The whole thing started with a worm. Sedaris, sister of cynical essayist David Sedaris, had joined with Dinello to sell the idea of a children’s book about a worm. Hyperion Books passed on the pitch, but asked if the duo had any other ideas. The answer was yes — sort of.

“We walked out of the meeting unsure about what we were going to do,” says Dinello. “Initially, we were just going to take some pictures in character, and then write funny captions for each. But then I re-read the contract and it said they wanted 50,000 words. So that changed all that.”

Sedaris and Dinello turned to Colbert, their collaborator for more than 15 years and co-creator on “Strangers with Candy” as well as the short-lived sketch series “Exit 57.” Colbert, a writer and “senior” correspondent for The Daily Show, took some convincing, but eventually got fired up about the idea.

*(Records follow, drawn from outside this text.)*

lemma span_psi12: "module.span cscale (psi12 ` {3..2*p}) = range (deg1_cochain p)"
proof -
  interpret vector_space cscale
    by (rule vector_space_cscale)
  have "deg1_cochain p c = deg1_cochain p ((c \<circ> inv_into {3..2*p} psi12) \<circ> psi12)" for c
    by (auto simp: deg1_cochain_def fun_eq_iff inv_into_f_f[OF inj_on_psi12])
  then show ?thesis
    by (auto simp: span_finite sum_scale_psi12)
qed

lemma independent_psi12: "\<not> module.dependent cscale (psi12 ` {3..2*p})"
proof -
  interpret vector_space cscale
    by (rule vector_space_cscale)
  have "u v = 0"
    if zero: "deg1_cochain p (u \<circ> psi12) = 0" and v: "v \<in> psi12 ` {3..2*p}" for u v
  proof -
    obtain j where j: "j \<in> {3..2*p}" "v = psi12 j"
      using v by blast
    have "deg1_cochain p (u \<circ> psi12) 2 j 1 = 0"
      using zero by simp
    then show ?thesis
      using j by (simp add: deg1_cochain_def)
  qed
  then show ?thesis
    by (auto simp: dependent_finite sum_scale_psi12)
qed

theorem lemma6:
  fixes p :: nat and phi :: "nat \<Rightarrow> complex"
  assumes "p \<ge> 2" and "\<not> in_Omega p phi"
  shows "vector_space.dim cscale (Z2 p phi 1) = 2 * (p - 1)
       \<and> psi12 ` {3..2*p} \<subseteq> Z2 p phi 1
       \<and> inj_on psi12 {3..2*p}
       \<and> \<not> module.dependent cscale (psi12 ` {3..2*p})
       \<and> module.span cscale (psi12 ` {3..2*p}) = Z2 p phi 1"
proof -
  interpret vector_space cscale
    by (rule vector_space_cscale)
  have span: "span (psi12 ` {3..2*p}) = Z2 p phi 1"
    using span_psi12 Z2_1_eq_range_deg1_cochain assms(1) by simp
  have "dim (Z2 p phi 1) = card (psi12 ` {3..2*p})"
    using dim_span_eq_card_independent[OF independent_psi12[of p]] unfolding span .
  also have "\<dots> = 2 * (p - 1)"
    using card_image[OF inj_on_psi12] assms(1) by simp
  finally show ?thesis
    using span_superset[of "psi12 ` {3..2*p}", unfolded span] span inj_on_psi12 independent_psi12
    by blast
qed
lemma psd_sym_quadratic_form_eq_0_imp_mult_eq_0:
  fixes A :: "real^'n^'n"
  assumes A: "psd_sym A" and x: "x \<bullet> (A *v x) = 0"
  shows "A *v x = 0"
proof -
  have sym: "transpose A = A" and nonneg: "\<And>y. 0 \<le> y \<bullet> (A *v y)"
    using A by (auto simp: psd_sym_def)
  have "(A *v x) \<bullet> (A *v x) = 0"
    by (rule self_adjoint_nonneg_zero_imp_orthogonal[where V=UNIV, OF matrix_vector_mul_linear
          symmetric_matrix_self_adjoint[OF sym]]) (simp_all add: nonneg x)
  then show ?thesis by simp
qed

lemma symmetric_matrix_eigenvector_in_invariant_subspace:
  fixes A :: "real^'n^'n"
  assumes sym: "transpose A = A" and V: "subspace V"
    and inv: "\<And>v. v \<in> V \<Longrightarrow> A *v v \<in> V" and ne: "V \<noteq> {0}"
  obtains x where "x \<in> V" "norm x = 1" "A *v x = (x \<bullet> (A *v x)) *\<^sub>R x"
proof -
  let ?S = "V \<inter> sphere 0 1"
  obtain v where v: "v \<in> V" "v \<noteq> 0" using ne V subspace_0 by blast
  then have "v /\<^sub>R norm v \<in> ?S" using V by (auto simp: subspace_scale)
  then have ne_S: "?S \<noteq> {}" by blast
  have compact_S: "compact ?S" by (intro closed_Int_compact closed_subspace V compact_sphere)
  have "continuous_on ?S (\<lambda>x. x \<bullet> (A *v x))"
    by (intro continuous_intros linear_continuous_on) (simp add: linear_conv_bounded_linear)
  from continuous_attains_sup[OF compact_S ne_S this] obtain x where x: "x \<in> ?S"
    and max: "\<And>y. y \<in> ?S \<Longrightarrow> y \<bullet> (A *v y) \<le> x \<bullet> (A *v x)"
    by blast
  define lam where "lam = x \<bullet> (A *v x)"
  have xx: "x \<bullet> x = 1" using x by (simp add: dot_square_norm)
  \<comment> \<open>x maximizes the Rayleigh quotient on V, so lam I - A is positive semidefinite on V\<close>
  have bound: "y \<bullet> (A *v y) \<le> lam * (y \<bullet> y)" if "y \<in> V" for y
  proof (cases "y = 0")
    case False
    have "y /\<^sub>R norm y \<in> ?S" using that V False by (auto simp: subspace_scale)
    then have "(y /\<^sub>R norm y) \<bullet> (A *v (y /\<^sub>R norm y)) \<le> lam"
      unfolding lam_def by (rule max)
    then have "(y \<bullet> (A *v y)) / (norm y)\<^sup>2 \<le> lam"
      by (simp add: matrix_vector_mult_scaleR power2_eq_square divide_simps)
    then show ?thesis using False by (simp add: divide_simps power2_norm_eq_inner)
  qed simp
  define f where "f y = lam *\<^sub>R y - A *v y" for y
  have lin: "linear f" by (simp add: linear_iff f_def algebra_simps)
  have adj: "u \<bullet> f w = f u \<bullet> w" for u w
    using symmetric_matrix_self_adjoint[OF sym, of u w]
    by (simp add: f_def inner_diff_left inner_diff_right inner_commute)
  have "f x \<bullet> f x = 0"
  proof (rule self_adjoint_nonneg_zero_imp_orthogonal[OF lin adj V])
    show "0 \<le> y \<bullet> f y" if "y \<in> V" for y
      using bound[OF that] by (simp add: f_def inner_diff_right)
    show "x \<in> V" "x \<bullet> f x = 0" using x xx by (auto simp: f_def inner_diff_right lam_def)
    show "f x \<in> V" using x inv V by (auto simp: f_def intro: subspace_diff subspace_scale)
  qed
  then have "A *v x = lam *\<^sub>R x" by (simp add: f_def)
  with x show ?thesis unfolding lam_def by (intro that) auto
qed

“We started writing it, and they had nothing,” Colbert says. “They didn’t have a story or a location or anything for the town.”

Their premise reminded Colbert of a Daily Show segment he’d produced involving a backward West Virginia town on the verge of extinction. Essentially a stretch of highway two miles long and 200 yards wide, the “town” held little more than strip clubs, used auto parts stores and porno houses.

Colbert’s raw footage of that town’s oddball residents served as the fodder for Wigfield. The trio improvised characters who might live in such a gloomy little speed trap, and wrote down the funnier bits.

The final product may not be Hemingway, but it’s an often guffaw-worthy send-up of rough-neck stereotypes, a Garrison Keillor monologue as told by David Lynch. When fictional narrator Russell Hokes struggles to make good on a book deal (much like the authors), he stumbles upon the largely deserted town of Wigfield, a glorified garbage dump that’s soon to be flooded, thanks to the impending destruction of a nearby dam.

Hokes mounts a series of “interviews” with Wigfield’s freakshow locals, from the three competing self-declared mayors, to the tattooed assistant manager at “Mack Donald’s.” The comedy team brings its trademark deadpan delivery to their redneck rogue’s gallery, and absurdity drips from nearly every line.

Even better than the prose, though, is Todd Oldham’s side-splitting photography. The authors appear in full regalia as characters equal parts intriguing and grotesque. It’s a shame that only 19 images made it into the book, because the collection simply hollers for more.

When Hyperion refused to spring for a full book tour, the writers did some more improvising, launching a multi-city run of theatrical readings of the new book. Dinello calls the performance “a little bit play, a little bit reading, and sort of multimedia,” with the comedians bringing the book’s characters to life.

The book tour (of sorts) has shown the authors one thing: “Strangers with Candy” fans aren’t just out there, they’re out there. Which is good news, considering that a “Strangers” film is in the works.

“We did a reading at a Barnes & Noble, which drew like 200 people,” says Dinello. “And everyone in line would say things like, ‘Would you write “Pee on me”?’” Wigfield isn’t the only place populated by weirdos.